Max played soccer for the first time this Spring. He has enjoyed it for the most part. But, during the process I have realized that I am NOT a good soccer mom. Not because I don't love watching my little man play soccer. I do! I love it. But, we have played one season of soccer through a Christian soccer organization and it felt like our life was taken over during the season. An hour long practice one evening a week (from 6:30-7:30) which in our world translates to... no family time that evening. Most weekends had one game smack dab in the middle of Saturday and a few weekends had a Saturday AND a Sunday game. So, the reason I am not a good soccer mom is because I do not think soccer is that important. I think family time is important. I think time with our extended family is important. I think time with our church family is important. It think time spent giving and serving our important. But, I just don't think soccer is that important. So, I felt like the time commitment was too big for something without that much value...
And it was all kind of a bummer because I am not against kids doing activities. And I love sports! But, I am against sports being more important or taking up more time than family and church. I think the benefit of my son spending the day playing outside with his dad far outweighs a soccer game. I don't regret Max playing this season and if he wants to play again we will look for a league that better fits our family. Or, look for an activity that will better fit in with our life.
But, this was hard for me because I feel like playing sports and being busy just seem to be how everyone lives their lives with little kiddos. Sports = childhood these days, right?

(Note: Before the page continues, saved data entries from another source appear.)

(* Let $A_{\mathrm{app}},B_{\mathrm{app}}\in K[X]$ with $n=\deg A_{\mathrm{app}}\ge d=\deg B_{\mathrm{app}}\ge1$, and assume that $B_{\mathrm{app}}$ has a nonzero coefficient in degree $<d$. Let $\varphi_A$ (on $[0,n]$) and $\varphi_B$ (on $[0,d]$) be Newton functions such that the precisions $O(\varphi_A)$ on $A_{\mathrm{app}}$ and $O(\varphi_B)$ on $B_{\mathrm{app}}$ are nondegenerate. Set $$\varphi=\varphi_A\,\overline{+}\,\big[\varphi_B\,\overline{\times}\,(\mathrm{NF}(A_{\mathrm{app}})\,\overline{\div}\,\mathrm{NF}(B_{\mathrm{app}}))\big],$$ and let $Q_{\mathrm{app}}=A_{\mathrm{app}}\,\mathrm{div}\,B_{\mathrm{app}}$ and $R_{\mathrm{app}}=A_{\mathrm{app}}\bmod B_{\mathrm{app}}$. Then for all $\delta A\in K_{\le n}[X]$ and $\delta B\in K_{\le d}[X]$ with $\mathrm{NF}(\delta A)\ge\varphi_A$ and $\mathrm{NF}(\delta B)\ge\varphi_B$, the polynomials $$Q=(A_{\mathrm{app}}+\delta A)\,\mathrm{div}\,(B_{\mathrm{app}}+\delta B),\qquad R=(A_{\mathrm{app}}+\delta A)\bmod(B_{\mathrm{app}}+\delta B)$$ satisfy $$\mathrm{NF}(Q-Q_{\mathrm{app}})\ge \varphi\,\overline{\div}\,\mathrm{NF}(B_{\mathrm{app}}),\qquad \mathrm{NF}(R-R_{\mathrm{app}})\ge\varphi\,\overline{\bmod}\,\mathrm{NF}(B_{\mathrm{app}}).$$
   Context: $K$ is a complete discrete valuation field with valuation $\mathrm{val}:K\to\mathbb Z\cup\{+\infty\}$, normalized to be surjective, with $\mathrm{val}(0)=+\infty$. $K_{\le n}[X]$ denotes the polynomials of degree at most $n$. For $Q=\sum q_iX^i\in K[X]$ nonzero of degree $m$, its Newton function $\mathrm{NF}(Q):[0,m]\to\mathbb R\cup\{+\infty\}$ is the greatest convex function with $\mathrm{NF}(Q)(i)\le \mathrm{val}(q_i)$ for all integers $0\le i\le m$. Its epigraph is the Newton polygon $\mathrm{NP}(Q)$; an extremal point of $\mathrm{NP}(Q)$ is a vertex of this epigraph. For a convex function $g$ on $[0,M]$ and a polynomial $Q$ of degree $\le M$, "$\mathrm{NF}(Q)\ge g$" means $\mathrm{val}(q_i)\ge g(i)$ for all integers $0\le i\le M$. A Newton function of degree $n$ is a convex, piecewise affine function $[0,n]\to\mathbb R\cup\{+\infty\}$, finite at $n$, whose epigraph has extremal points with integral abscissae. Given $P_{\mathrm{app}}$ of degree $n$ and a Newton function $\varphi_P$ of degree $n$, the precision $O(\varphi_P)$ on $P_{\mathrm{app}}$ is nondegenerate if $\varphi_P\ge\mathrm{NF}(P_{\mathrm{app}})$ and $\varphi_P(x)>y$ for every extremal point $(x,y)$ of $\mathrm{NP}(P_{\mathrm{app}})$. $A\,\mathrm{div}\,B$ and $A\bmod B$ are the quotient and remainder of Euclidean division: $A=(A\,\mathrm{div}\,B)B+(A\bmod B)$ with $\deg(A\bmod B)<\deg B$. Operations on convex functions: - $\varphi\,\overline{+}\,\psi$ is the greatest convex function below both $\varphi$ and $\psi$; its epigraph is the convex hull of the union of the epigraphs. - $\varphi\,\overline{\times}\,\psi$, for $\varphi$ on $[0,n]$ and $\psi$ on $[0,m]$, is the function on $[0,n+m]$ given by $(\varphi\,\overline{\times}\,\psi)(x)=\inf_{y+z=x}\varphi(y)+\psi(z)$. Euclidean division of Newton functions: let $\varphi$ be convex on $[0,n]$, finite at $n$, and $\psi$ convex on $[0,d]$ with $1\le d\le n$ and $\psi(d-1),\psi(d)$ finite. Set $\lambda=\psi(d)-\psi(d-1)$. Let $\Delta$ be the greatest affine function of slope $\lambda$ with $\Delta\le\varphi$ on $[d,n]$, and set $\delta=\Delta(d)-\psi(d)$. Define - $\varphi\,\overline{\bmod}\,\psi=\varphi|_{[0,d-1]}\,\overline{+}\,(\psi|_{[0,d-1]}+\delta)$ on $[0,d-1]$; - $(\varphi\,\overline{\div}\,\psi)(x)=\inf_{h\ge0,\ x+d+h\le n}\big(\varphi(x+d+h)-\lambda h\big)-\psi(d)$ for $x\in[0,n-d]$. *)

theory Defs
  imports "HOL-Analysis.Analysis" "HOL-Computational_Algebra.Polynomial"
begin

definition discrete_valuation :: "('a::field \<Rightarrow> ereal) \<Rightarrow> bool" where
  "discrete_valuation val \<longleftrightarrow>
     (\<forall>x. val x = \<infinity> \<longleftrightarrow> x = 0) \<and>
     (\<forall>x y. val (x * y) = val x + val y) \<and>
     (\<forall>x y. min (val x) (val y) \<le> val (x + y)) \<and>
     range val = insert \<infinity> (range (\<lambda>k::int. ereal (of_int k)))"

definition complete_dvf :: "('a::field \<Rightarrow> ereal) \<Rightarrow> bool" where
  "complete_dvf val \<longleftrightarrow> discrete_valuation val \<and>
     (\<forall>s::nat \<Rightarrow> 'a.
        (\<forall>N::int. \<exists>M. \<forall>i\<ge>M. \<forall>j\<ge>M. ereal (of_int N) \<le> val (s i - s j)) \<longrightarrow>
        (\<exists>L. \<forall>N::int. \<exists>M. \<forall>i\<ge>M. ereal (of_int N) \<le> val (s i - L)))"

definition conv_fun :: "real \<Rightarrow> (real \<Rightarrow> ereal) \<Rightarrow> bool" where
  "conv_fun N g \<longleftrightarrow> (\<forall>x\<in>{0..N}. g x \<noteq> -\<infinity>) \<and>
     (\<forall>x\<in>{0..N}. \<forall>y\<in>{0..N}. \<forall>t\<in>{0..1}.
        g ((1 - t) * x + t * y) \<le> ereal (1 - t) * g x + ereal t * g y)"

definition newton_fun :: "('a::zero \<Rightarrow> ereal) \<Rightarrow> 'a poly \<Rightarrow> real \<Rightarrow> ereal" where
  "newton_fun val Q x =
     (SUP g \<in> {g. conv_fun (real (degree Q)) g \<and>
                  (\<forall>i\<le>degree Q. g (real i) \<le> val (coeff Q i))}. g x)"

text \<open>"NF(Q) >= g" for g on [0,M]: val(q_i) >= g(i) for all integers 0 <= i <= M.\<close>
definition coeffs_ge :: "('a::zero \<Rightarrow> ereal) \<Rightarrow> nat \<Rightarrow> 'a poly \<Rightarrow> (real \<Rightarrow> ereal) \<Rightarrow> bool" where
  "coeffs_ge val M Q g \<longleftrightarrow> (\<forall>i\<le>M. g (real i) \<le> val (coeff Q i))"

But, I just can't do it. With the hubs' job, our family time (which is totally limited to evenings and weekends) is precious. While I want to teach my son the values of being a team player, determination, and good sportsmanship I think those things can be taught through kicking a ball around with friends or through some other means. And I don't think that those values are more important than teaching my children to love God and love others. Which, is not exactly the lesson he learns by our life during soccer season revolving around his schedule and by saying "no" to time with friends and family.
So, tell me, am I the only one that isn't a good soccer mom?